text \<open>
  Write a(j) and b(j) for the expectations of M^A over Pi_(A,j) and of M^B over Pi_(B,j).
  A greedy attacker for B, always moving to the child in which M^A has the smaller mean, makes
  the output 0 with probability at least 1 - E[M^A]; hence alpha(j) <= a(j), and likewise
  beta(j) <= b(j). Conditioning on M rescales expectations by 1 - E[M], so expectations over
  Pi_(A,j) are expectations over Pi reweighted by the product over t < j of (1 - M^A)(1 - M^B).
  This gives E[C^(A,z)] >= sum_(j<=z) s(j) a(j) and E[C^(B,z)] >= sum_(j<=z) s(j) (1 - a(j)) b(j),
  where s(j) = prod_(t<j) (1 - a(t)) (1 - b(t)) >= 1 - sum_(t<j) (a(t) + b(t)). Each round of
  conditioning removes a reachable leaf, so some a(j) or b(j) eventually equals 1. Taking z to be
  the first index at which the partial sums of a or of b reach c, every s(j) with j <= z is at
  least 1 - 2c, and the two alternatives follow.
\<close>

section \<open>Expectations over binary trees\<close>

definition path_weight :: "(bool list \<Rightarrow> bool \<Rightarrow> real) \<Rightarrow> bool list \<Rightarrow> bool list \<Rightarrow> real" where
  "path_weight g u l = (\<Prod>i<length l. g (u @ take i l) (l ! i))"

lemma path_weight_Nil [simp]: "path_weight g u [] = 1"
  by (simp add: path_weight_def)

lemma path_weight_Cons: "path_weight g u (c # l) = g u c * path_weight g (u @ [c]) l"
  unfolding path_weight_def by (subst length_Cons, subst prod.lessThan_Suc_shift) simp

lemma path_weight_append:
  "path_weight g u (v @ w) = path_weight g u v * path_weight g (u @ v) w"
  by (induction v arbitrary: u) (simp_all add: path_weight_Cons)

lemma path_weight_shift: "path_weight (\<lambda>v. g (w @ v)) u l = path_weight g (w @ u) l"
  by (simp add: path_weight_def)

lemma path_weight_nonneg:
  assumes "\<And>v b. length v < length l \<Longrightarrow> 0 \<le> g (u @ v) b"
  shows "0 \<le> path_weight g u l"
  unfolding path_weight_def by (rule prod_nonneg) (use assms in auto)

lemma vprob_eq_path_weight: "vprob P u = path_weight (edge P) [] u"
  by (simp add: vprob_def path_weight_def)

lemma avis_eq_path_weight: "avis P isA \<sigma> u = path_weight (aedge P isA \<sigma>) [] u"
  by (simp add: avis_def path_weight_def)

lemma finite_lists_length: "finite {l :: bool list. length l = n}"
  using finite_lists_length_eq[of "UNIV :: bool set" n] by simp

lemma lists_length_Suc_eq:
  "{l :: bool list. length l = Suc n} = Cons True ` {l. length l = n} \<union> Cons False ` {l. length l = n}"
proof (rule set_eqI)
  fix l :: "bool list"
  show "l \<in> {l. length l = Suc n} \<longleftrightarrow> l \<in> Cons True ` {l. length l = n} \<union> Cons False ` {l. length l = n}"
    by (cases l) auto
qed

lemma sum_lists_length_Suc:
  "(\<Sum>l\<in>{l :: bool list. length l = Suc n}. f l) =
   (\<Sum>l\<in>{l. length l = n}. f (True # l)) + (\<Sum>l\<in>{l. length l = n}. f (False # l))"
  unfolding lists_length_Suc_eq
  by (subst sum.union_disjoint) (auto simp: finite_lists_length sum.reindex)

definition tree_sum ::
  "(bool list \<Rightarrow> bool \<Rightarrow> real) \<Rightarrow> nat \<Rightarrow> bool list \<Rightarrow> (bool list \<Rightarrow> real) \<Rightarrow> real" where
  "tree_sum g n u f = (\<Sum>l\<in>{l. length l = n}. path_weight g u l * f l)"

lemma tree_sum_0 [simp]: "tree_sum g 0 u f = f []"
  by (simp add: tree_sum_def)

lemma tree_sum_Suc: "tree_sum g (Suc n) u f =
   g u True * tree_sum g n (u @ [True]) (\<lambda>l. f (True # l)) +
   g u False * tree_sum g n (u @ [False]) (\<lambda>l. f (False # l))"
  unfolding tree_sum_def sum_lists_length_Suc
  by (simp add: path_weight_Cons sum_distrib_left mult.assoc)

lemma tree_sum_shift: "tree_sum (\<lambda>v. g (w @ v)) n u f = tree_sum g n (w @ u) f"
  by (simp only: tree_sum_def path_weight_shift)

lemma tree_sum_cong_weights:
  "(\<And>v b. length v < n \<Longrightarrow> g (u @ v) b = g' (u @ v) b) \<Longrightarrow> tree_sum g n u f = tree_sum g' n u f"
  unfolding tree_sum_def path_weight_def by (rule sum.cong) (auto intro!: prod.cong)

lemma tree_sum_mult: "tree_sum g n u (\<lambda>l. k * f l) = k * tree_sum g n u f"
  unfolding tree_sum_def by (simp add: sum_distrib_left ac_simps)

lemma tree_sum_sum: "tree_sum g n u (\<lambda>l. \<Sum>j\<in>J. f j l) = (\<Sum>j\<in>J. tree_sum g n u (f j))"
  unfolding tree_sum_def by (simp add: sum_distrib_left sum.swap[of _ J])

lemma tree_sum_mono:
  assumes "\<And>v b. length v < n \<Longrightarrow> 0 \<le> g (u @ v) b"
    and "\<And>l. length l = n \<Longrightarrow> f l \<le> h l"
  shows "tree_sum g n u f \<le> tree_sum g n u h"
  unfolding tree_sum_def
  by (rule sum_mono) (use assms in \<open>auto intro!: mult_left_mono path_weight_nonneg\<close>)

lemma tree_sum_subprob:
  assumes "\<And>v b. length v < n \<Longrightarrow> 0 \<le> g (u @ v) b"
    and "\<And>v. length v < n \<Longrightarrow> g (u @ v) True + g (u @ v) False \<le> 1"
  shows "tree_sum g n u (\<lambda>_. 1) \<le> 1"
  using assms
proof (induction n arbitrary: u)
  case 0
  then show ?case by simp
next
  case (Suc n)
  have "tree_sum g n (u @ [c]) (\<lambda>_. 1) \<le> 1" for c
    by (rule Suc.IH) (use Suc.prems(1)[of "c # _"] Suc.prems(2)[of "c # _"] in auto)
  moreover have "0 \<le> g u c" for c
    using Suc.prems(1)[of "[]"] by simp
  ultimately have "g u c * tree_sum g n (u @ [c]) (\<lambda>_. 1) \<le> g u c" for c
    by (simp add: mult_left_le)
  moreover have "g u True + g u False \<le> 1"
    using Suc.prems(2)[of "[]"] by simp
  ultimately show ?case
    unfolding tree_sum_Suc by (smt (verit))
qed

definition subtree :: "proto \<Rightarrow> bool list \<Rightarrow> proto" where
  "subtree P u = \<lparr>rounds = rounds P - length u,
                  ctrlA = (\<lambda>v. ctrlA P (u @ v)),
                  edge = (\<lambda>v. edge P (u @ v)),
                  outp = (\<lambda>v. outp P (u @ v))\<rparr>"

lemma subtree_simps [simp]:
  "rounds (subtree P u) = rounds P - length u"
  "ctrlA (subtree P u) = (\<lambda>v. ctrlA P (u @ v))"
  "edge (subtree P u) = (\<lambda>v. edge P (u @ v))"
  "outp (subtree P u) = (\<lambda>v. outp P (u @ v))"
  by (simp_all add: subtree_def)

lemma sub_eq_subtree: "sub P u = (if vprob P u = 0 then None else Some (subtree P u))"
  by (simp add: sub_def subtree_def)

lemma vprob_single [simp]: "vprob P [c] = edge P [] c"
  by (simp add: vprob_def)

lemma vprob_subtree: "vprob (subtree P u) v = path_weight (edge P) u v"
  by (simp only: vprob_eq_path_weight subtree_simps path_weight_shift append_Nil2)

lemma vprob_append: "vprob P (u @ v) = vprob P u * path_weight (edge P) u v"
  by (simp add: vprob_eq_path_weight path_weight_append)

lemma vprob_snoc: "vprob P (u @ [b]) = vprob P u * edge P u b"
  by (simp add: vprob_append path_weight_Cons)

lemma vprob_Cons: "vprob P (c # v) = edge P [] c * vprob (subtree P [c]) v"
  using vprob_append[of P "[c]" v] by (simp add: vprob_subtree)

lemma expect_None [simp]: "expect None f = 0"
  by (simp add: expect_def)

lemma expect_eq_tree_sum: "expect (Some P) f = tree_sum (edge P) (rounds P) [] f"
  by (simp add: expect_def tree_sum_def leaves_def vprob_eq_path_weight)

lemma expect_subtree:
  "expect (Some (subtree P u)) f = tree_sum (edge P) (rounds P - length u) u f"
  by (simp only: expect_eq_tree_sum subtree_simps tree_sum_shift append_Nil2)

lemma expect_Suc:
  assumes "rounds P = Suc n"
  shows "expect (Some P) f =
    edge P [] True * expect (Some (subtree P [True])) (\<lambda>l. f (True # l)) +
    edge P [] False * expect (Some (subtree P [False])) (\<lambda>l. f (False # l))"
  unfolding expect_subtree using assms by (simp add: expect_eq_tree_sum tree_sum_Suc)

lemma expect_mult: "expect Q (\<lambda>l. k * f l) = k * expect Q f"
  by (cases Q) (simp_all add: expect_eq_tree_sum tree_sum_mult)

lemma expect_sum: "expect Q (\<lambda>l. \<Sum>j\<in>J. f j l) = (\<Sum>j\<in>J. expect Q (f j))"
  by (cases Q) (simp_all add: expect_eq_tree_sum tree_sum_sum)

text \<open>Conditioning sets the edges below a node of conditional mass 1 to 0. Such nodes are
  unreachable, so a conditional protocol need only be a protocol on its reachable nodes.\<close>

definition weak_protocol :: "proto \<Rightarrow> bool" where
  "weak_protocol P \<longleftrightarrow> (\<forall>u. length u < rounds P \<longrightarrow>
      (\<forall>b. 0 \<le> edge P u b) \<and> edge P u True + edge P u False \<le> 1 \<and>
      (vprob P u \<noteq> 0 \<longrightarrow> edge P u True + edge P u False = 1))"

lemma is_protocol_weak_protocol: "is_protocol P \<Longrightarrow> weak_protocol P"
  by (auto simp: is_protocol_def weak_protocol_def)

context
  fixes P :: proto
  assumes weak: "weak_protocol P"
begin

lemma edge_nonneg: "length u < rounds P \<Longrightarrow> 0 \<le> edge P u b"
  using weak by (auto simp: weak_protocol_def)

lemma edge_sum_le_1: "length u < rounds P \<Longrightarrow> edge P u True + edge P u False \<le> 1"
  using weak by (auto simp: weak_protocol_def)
__________
### WHAT TO WORK ON
Above are the records; report how many of their lines hold the string "which", with no other words.

### WORKED SOLUTION
2